## Task description
Which lines in the records below contain the word "moreover"? Report each of them.

§ §

(* Let $F(z)=\bar{z}G(z)+H(z)$, $z\in\mathbb{D}$, where $G(z)=\sum_{n=1}^\infty a_nz^n\not\equiv 0$ and $H(z)=z+\sum_{n=2}^\infty b_nz^n$ are analytic in $\mathbb{D}$, and suppose that for some $r\in(0,1)$, $$\sum_{n=2}^\infty n|b_n|r^{n-1}+\sum_{n=1}^\infty(n+1)|a_n|r^n\leq 1.$$ Then $F$ is sense-preserving, univalent and fully starlike in $\mathbb{D}_r$.
   Context: $\mathbb{D}=\{z:|z|<1\}$, $\mathbb{D}_r=\{z:|z|<r\}$. For a continuously differentiable $F$, $F_z=\frac12(F_x-iF_y)$, $F_{\bar z}=\frac12(F_x+iF_y)$, and the Jacobian is $J_F=|F_z|^2-|F_{\bar z}|^2$; $F$ is sense-preserving on a domain if $J_F>0$ there. $F$ is fully starlike in $\mathbb{D}_r$ if it is sense-preserving there, $F(0)=0$, $F(z)\neq 0$ for $z\in\mathbb{D}_r\setminus\{0\}$, and for each $s\in(0,r)$ the curve $t\mapsto F(se^{it})$ is starlike with respect to the origin, i.e. $\mathrm{Re}\big((zF_z(z)-\bar zF_{\bar z}(z))/F(z)\big)>0$ for all $|z|=s$. *)

theory Defs
  imports "HOL-Analysis.Analysis"
begin

text \<open>Wirtinger derivatives of a (real-)differentiable function F on the complex plane,
  via the Frechet derivative L: F_x = L 1, F_y = L i.\<close>

definition wirt_z :: "(complex \<Rightarrow> complex) \<Rightarrow> complex \<Rightarrow> complex" where
  "wirt_z F z = (frechet_derivative F (at z) 1 - \<i> * frechet_derivative F (at z) \<i>) / 2"

definition wirt_zbar :: "(complex \<Rightarrow> complex) \<Rightarrow> complex \<Rightarrow> complex" where
  "wirt_zbar F z = (frechet_derivative F (at z) 1 + \<i> * frechet_derivative F (at z) \<i>) / 2"

definition jacobian_c :: "(complex \<Rightarrow> complex) \<Rightarrow> complex \<Rightarrow> real" where
  "jacobian_c F z = (cmod (wirt_z F z))\<^sup>2 - (cmod (wirt_zbar F z))\<^sup>2"

definition sense_preserving :: "(complex \<Rightarrow> complex) \<Rightarrow> complex set \<Rightarrow> bool" where
  "sense_preserving F S \<longleftrightarrow> (\<forall>z\<in>S. F differentiable (at z) \<and> jacobian_c F z > 0)"

definition fully_starlike :: "(complex \<Rightarrow> complex) \<Rightarrow> real \<Rightarrow> bool" where
  "fully_starlike F r \<longleftrightarrow>
     sense_preserving F (ball 0 r) \<and> F 0 = 0 \<and> (\<forall>z\<in>ball 0 r - {0}. F z \<noteq> 0) \<and>
     (\<forall>s\<in>{0<..<r}. \<forall>z. cmod z = s \<longrightarrow>
        Re ((z * wirt_z F z - cnj z * wirt_zbar F z) / F z) > 0)"

end

theory Submission
  imports Defs
begin

text \<open>Write H(z) = z + h(z) and bound G, z G', h and z h' on the circle |z| = s by the power
  series A0(s), A1(s), C0(s), C1(s) formed with the absolute values of their coefficients. The
  coefficient hypothesis says C1(r)/r + A1(r) + A0(r) \<le> 1; as h vanishes to second and G to first
  order at 0, it improves to C1(s) + s (A1(s) + A0(s)) < s for 0 < s < r. Everything follows from
  this inequality and the triangle inequality: |F_z| > |G| = |F_zbar| (sense preservation),
  |F(z) - F(w) - (z - w)| < |z - w| (univalence), and |A - F| < |A + F| for
  A = z F_z - conj(z) F_zbar, i.e. Re(A/F) > 0 (starlikeness).\<close>

section \<open>Majorant series of power series\<close>

definition powser_majorant :: "(nat \<Rightarrow> 'a::real_normed_vector) \<Rightarrow> real \<Rightarrow> real" where
  "powser_majorant c t = (\<Sum>n. norm (c n) * t ^ n)"

lemma sums_powser_majorant:
  fixes c :: "nat \<Rightarrow> 'a::{banach, real_normed_div_algebra}"
  assumes "0 \<le> t" "ereal t < conv_radius c"
  shows "(\<lambda>n. norm (c n) * t ^ n) sums powser_majorant c t"
  unfolding powser_majorant_def
  by (rule summable_sums, rule summable_in_conv_radius) (use assms in auto)

lemma norm_sums_le:
  fixes f :: "nat \<Rightarrow> 'a::banach"
  assumes "f sums S" "g sums T" "\<And>n. norm (f n) \<le> g n"
  shows "norm S \<le> T"
  using norm_suminf_le[of f g] assms by (simp add: sums_iff)

lemma norm_powser_le_majorant:
  fixes c :: "nat \<Rightarrow> 'a::{banach, real_normed_div_algebra}"
  assumes "norm z \<le> t" "ereal t < conv_radius c"
  shows "norm (\<Sum>n. c n * z ^ n) \<le> powser_majorant c t"
proof (rule norm_sums_le)
  show "(\<lambda>n. c n * z ^ n) sums (\<Sum>n. c n * z ^ n)"
    using assms by (intro summable_sums summable_in_conv_radius) (meson ereal_less_eq(3) le_less_trans)
  show "(\<lambda>n. norm (c n) * t ^ n) sums powser_majorant c t"
    using assms by (intro sums_powser_majorant) (auto intro: order_trans[OF norm_ge_zero])
  show "norm (c n * z ^ n) \<le> norm (c n) * t ^ n" for n
    using assms by (auto simp: norm_mult norm_power intro!: mult_left_mono power_mono)
qed

lemma powser_majorant_le_power_mult:
  fixes c :: "nat \<Rightarrow> 'a::{banach, real_normed_div_algebra}"
  assumes "\<And>n. n < k \<Longrightarrow> c n = 0" "0 \<le> s" "s \<le> r" "0 < r" "ereal r < conv_radius c"
  shows "powser_majorant c s \<le> (s / r) ^ k * powser_majorant c r"
proof (rule sums_le)
  show "(\<lambda>n. norm (c n) * s ^ n) sums powser_majorant c s"
    using assms le_less_trans[of "ereal s" "ereal r"] by (intro sums_powser_majorant) auto
  show "(\<lambda>n. (s / r) ^ k * (norm (c n) * r ^ n)) sums ((s / r) ^ k * powser_majorant c r)"
    using assms by (intro sums_mult sums_powser_majorant) auto
  show "norm (c n) * s ^ n \<le> (s / r) ^ k * (norm (c n) * r ^ n)" for n
  proof (cases "n < k")
    case False
    have "s ^ n = (s / r) ^ n * r ^ n"
      using assms by (simp add: power_divide)
    also have "\<dots> \<le> (s / r) ^ k * r ^ n"
      using assms False by (intro mult_right_mono power_decreasing) auto
    finally show ?thesis
      by (simp add: mult_left_mono mult.left_commute)
  qed (simp add: assms)
qed

lemma conv_radius_of_nat_mult_ge:
  fixes c :: "nat \<Rightarrow> 'a::{banach, real_normed_field}"
  shows "conv_radius c \<le> conv_radius (\<lambda>n. of_nat n * c n)"
proof -
  have "conv_radius c = fps_conv_radius (Abs_fps c)"
    by (simp add: fps_conv_radius_def)
  also have "\<dots> \<le> fps_conv_radius (fps_deriv (Abs_fps c))"
    by (rule fps_conv_radius_deriv)
  also have "\<dots> = conv_radius (\<lambda>n. of_nat (n + 1) * c (n + 1))"
    by (simp add: fps_conv_radius_def fps_deriv_def)
  also have "\<dots> = conv_radius (\<lambda>n. of_nat n * c n)"
    by (rule conv_radius_shift)
  finally show ?thesis .
qed

lemma norm_power_diff_le:
  fixes z w :: "'a::{real_normed_field}"
  assumes "norm z \<le> s" "norm w \<le> s"
  shows "s * norm (z ^ n - w ^ n) \<le> real n * s ^ n * norm (z - w)"
proof (cases "s = 0")
  case False
  then have s: "0 < s" using assms norm_ge_zero[of z] by linarith
  have "norm ((z / of_real s) ^ n - (w / of_real s) ^ n) \<le> real n * norm (z / of_real s - w / of_real s)"
    using assms s by (intro norm_power_diff) (auto simp: norm_divide)
  then have "norm (z ^ n - w ^ n) / s ^ n \<le> real n * (norm (z - w) / s)"
    using s by (simp add: power_divide norm_divide norm_power flip: diff_divide_distrib)
  then show ?thesis
    using s by (simp add: field_simps power_Suc[symmetric] del: power_Suc)
qed (use assms in simp)

lemma norm_powser_diff_le:
  fixes c :: "nat \<Rightarrow> 'a::{banach, real_normed_field}"
  assumes "norm z \<le> s" "norm w \<le> s" "ereal s < conv_radius c"
  shows "s * norm ((\<Sum>n. c n * z ^ n) - (\<Sum>n. c n * w ^ n))
           \<le> norm (z - w) * powser_majorant (\<lambda>n. of_nat n * c n) s"
proof -
  have s: "0 \<le> s" using assms(1) norm_ge_zero order_trans by blast
  have "ereal (norm z) < conv_radius c" "ereal (norm w) < conv_radius c"
    using assms le_less_trans[of _ "ereal s"] by auto
  then have "(\<lambda>n. of_real s * (c n * z ^ n - c n * w ^ n))
               sums (of_real s * ((\<Sum>n. c n * z ^ n) - (\<Sum>n. c n * w ^ n)))"
    by (intro sums_mult sums_diff summable_sums summable_in_conv_radius)
  moreover have "(\<lambda>n. norm (z - w) * (norm (of_nat n * c n) * s ^ n))
                   sums (norm (z - w) * powser_majorant (\<lambda>n. of_nat n * c n) s)"
    using s assms(3) conv_radius_of_nat_mult_ge[of c]
    by (intro sums_mult sums_powser_majorant) auto
  moreover have "norm (of_real s * (c n * z ^ n - c n * w ^ n))
                   \<le> norm (z - w) * (norm (of_nat n * c n) * s ^ n)" for n
  proof -
    have "norm (of_real s * (c n * z ^ n - c n * w ^ n)) = norm (c n) * (s * norm (z ^ n - w ^ n))"
      using s by (simp add: norm_mult flip: right_diff_distrib)
    also have "\<dots> \<le> norm (c n) * (real n * s ^ n * norm (z - w))"
      by (intro mult_left_mono norm_power_diff_le assms) simp
    also have "\<dots> = norm (z - w) * (norm (of_nat n * c n) * s ^ n)"
      by (simp add: norm_mult)
    finally show ?thesis .
  qed
  ultimately have "norm (of_real s * ((\<Sum>n. c n * z ^ n) - (\<Sum>n. c n * w ^ n)))
                    \<le> norm (z - w) * powser_majorant (\<lambda>n. of_nat n * c n) s"
    by (rule norm_sums_le)
  then show ?thesis
    using s by (simp add: norm_mult)
qed

lemma has_field_derivative_sums_powser:
  fixes c :: "nat \<Rightarrow> 'a::{banach, real_normed_field}"
  assumes "\<forall>w\<in>ball 0 R. (\<lambda>n. c n * w ^ n) sums f w" "norm z < R"
  shows "(f has_field_derivative (\<Sum>n. diffs c n * z ^ n)) (at z)"
proof (rule has_field_derivative_transform_within_open[where S = "ball 0 R"])
  show "((\<lambda>w. \<Sum>n. c n * w ^ n) has_field_derivative (\<Sum>n. diffs c n * z ^ n)) (at z)"
    using assms by (intro termdiffs_strong') (auto simp: sums_iff)
qed (use assms in \<open>auto simp: sums_iff\<close>)

lemma mult_suminf_diffs:
  fixes c :: "nat \<Rightarrow> 'a::{banach, real_normed_field}"
  assumes "summable (\<lambda>n. diffs c n * z ^ n)"
  shows "z * (\<Sum>n. diffs c n * z ^ n) = (\<Sum>n. of_nat n * c n * z ^ n)"
proof -
  have "(\<lambda>n. (\<lambda>n. of_nat n * c n * z ^ n) (Suc n)) sums (z * (\<Sum>n. diffs c n * z ^ n))"
    using sums_mult[OF summable_sums[OF assms], of z] by (simp add: diffs_def algebra_simps)
  then show ?thesis
    by (subst (asm) sums_Suc_iff) (simp add: sums_iff)
qed

section \<open>Maps of the form \<open>\<lambda>z. cnj z * G z + H z\<close>\<close>

lemma wirtinger_cnj_mult_add:
  assumes "(G has_field_derivative G') (at z)" "(H has_field_derivative H') (at z)"
  defines "F \<equiv> \<lambda>w. cnj w * G w + H w"
  shows "F differentiable (at z)" "wirt_z F z = cnj z * G' + H'" "wirt_zbar F z = G z"
proof -
  have "(F has_derivative (\<lambda>h. cnj z * (G' * h) + cnj h * G z + H' * h)) (at z)"
    unfolding F_def using assms(1,2) unfolding has_field_derivative_def
    by (intro has_derivative_add has_derivative_mult has_derivative_cnj has_derivative_ident)
  note D = this frechet_derivative_at[OF this, symmetric]
  show "F differentiable (at z)" using D(1) by (auto simp: differentiable_def)
  show "wirt_z F z = cnj z * G' + H'" "wirt_zbar F z = G z"
    unfolding wirt_z_def wirt_zbar_def D(2) by (simp_all add: algebra_simps)
qed

lemma Re_divide_pos_of_norm_diff_lt_norm_add:
  fixes A B :: complex
  assumes "norm (A - B) < norm (A + B)"
  shows "0 < Re (A / B)"
proof -
  have "B \<noteq> 0" using assms by auto
  define w where "w = A / B"
  have "A - B = B * (w - 1)" "A + B = B * (w + 1)"
    using \<open>B \<noteq> 0\<close> by (auto simp: w_def field_simps)
  then have "norm (w - 1)^2 < norm (w + 1)^2"
    using assms \<open>B \<noteq> 0\<close> by (simp add: norm_mult power_strict_mono)
  then show ?thesis
    unfolding w_def[symmetric] cmod_power2 by (simp add: power2_eq_square algebra_simps)
qed

locale bianalytic_coefficient_bound =
  fixes a b :: "nat \<Rightarrow> complex" and G H F :: "complex \<Rightarrow> complex" and r :: real
  assumes G_sums: "\<forall>z\<in>ball 0 1. (\<lambda>n. a n * z ^ n) sums G z" and a0: "a 0 = 0"
    and H_sums: "\<forall>z\<in>ball 0 1. (\<lambda>n. b n * z ^ n) sums H z" and b0: "b 0 = 0" and b1: "b 1 = 1"
    and F_def: "\<forall>z. F z = cnj z * G z + H z"
    and r: "0 < r" "r < 1"
    and coeff: "(\<Sum>n. real (n + 2) * cmod (b (n + 2)) * r ^ (n + 1))
              + (\<Sum>n. real (n + 2) * cmod (a (n + 1)) * r ^ (n + 1)) \<le> 1"
begin

definition c :: "nat \<Rightarrow> complex" where
  "c = b(1 := 0)"

abbreviation "A0 \<equiv> powser_majorant a"
abbreviation "A1 \<equiv> powser_majorant (\<lambda>n. of_nat n * a n)"
abbreviation "C0 \<equiv> powser_majorant c"
abbreviation "C1 \<equiv> powser_majorant (\<lambda>n. of_nat n * c n)"

lemma c_sums: "norm z < 1 \<Longrightarrow> (\<lambda>n. c n * z ^ n) sums (H z - z)"
proof -
  assume "norm z < 1"
  then have "(\<lambda>n. b n * z ^ n - (if n = 1 then z ^ n else 0)) sums (H z - z)"
    using H_sums sums_single[of 1 "\<lambda>n. z ^ n"] by (intro sums_diff) auto
  moreover have "(\<lambda>n. b n * z ^ n - (if n = 1 then z ^ n else 0)) = (\<lambda>n. c n * z ^ n)"
    using b1 by (auto simp: c_def)
  ultimately show ?thesis
    by simp
qed

lemma G_eq: "norm z < 1 \<Longrightarrow> G z = (\<Sum>n. a n * z ^ n)"
  using G_sums by (simp add: sums_iff)

lemma H_eq: "norm z < 1 \<Longrightarrow> H z = z + (\<Sum>n. c n * z ^ n)"
  using c_sums by (simp add: sums_iff)

lemma F_eq: "norm z < 1 \<Longrightarrow> F z = z + cnj z * (\<Sum>n. a n * z ^ n) + (\<Sum>n. c n * z ^ n)"
  using F_def G_eq H_eq by simp

lemma F_0: "F 0 = 0"
  using F_eq[of 0] a0 b0 by (simp add: c_def)

lemma conv_radius_gt:
  assumes "t < 1"
  shows "ereal t < conv_radius a" "ereal t < conv_radius c"
    and "ereal t < conv_radius (\<lambda>n. of_nat n * a n)" "ereal t < conv_radius (\<lambda>n. of_nat n * c n)"
proof -
  have "1 \<le> conv_radius a" "1 \<le> conv_radius c"
    using G_sums c_sums by (auto simp: le_conv_radius_iff[where \<xi> = 0] sums_iff one_ereal_def)
  moreover have "ereal t < 1"
    using assms by (simp add: one_ereal_def)
  ultimately show "ereal t < conv_radius a" "ereal t < conv_radius c"
    "ereal t < conv_radius (\<lambda>n. of_nat n * a n)" "ereal t < conv_radius (\<lambda>n. of_nat n * c n)"
    using conv_radius_of_nat_mult_ge less_le_trans order_trans by metis+
qed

§ §

## Solution below
  moreover have "(\<lambda>n. norm (z - w) * (norm (of_nat n * c n) * s ^ n))
  moreover have "norm (of_real s * (c n * z ^ n - c n * w ^ n))
  moreover have "(\<lambda>n. b n * z ^ n - (if n = 1 then z ^ n else 0)) = (\<lambda>n. c n * z ^ n)"
  moreover have "ereal t < 1"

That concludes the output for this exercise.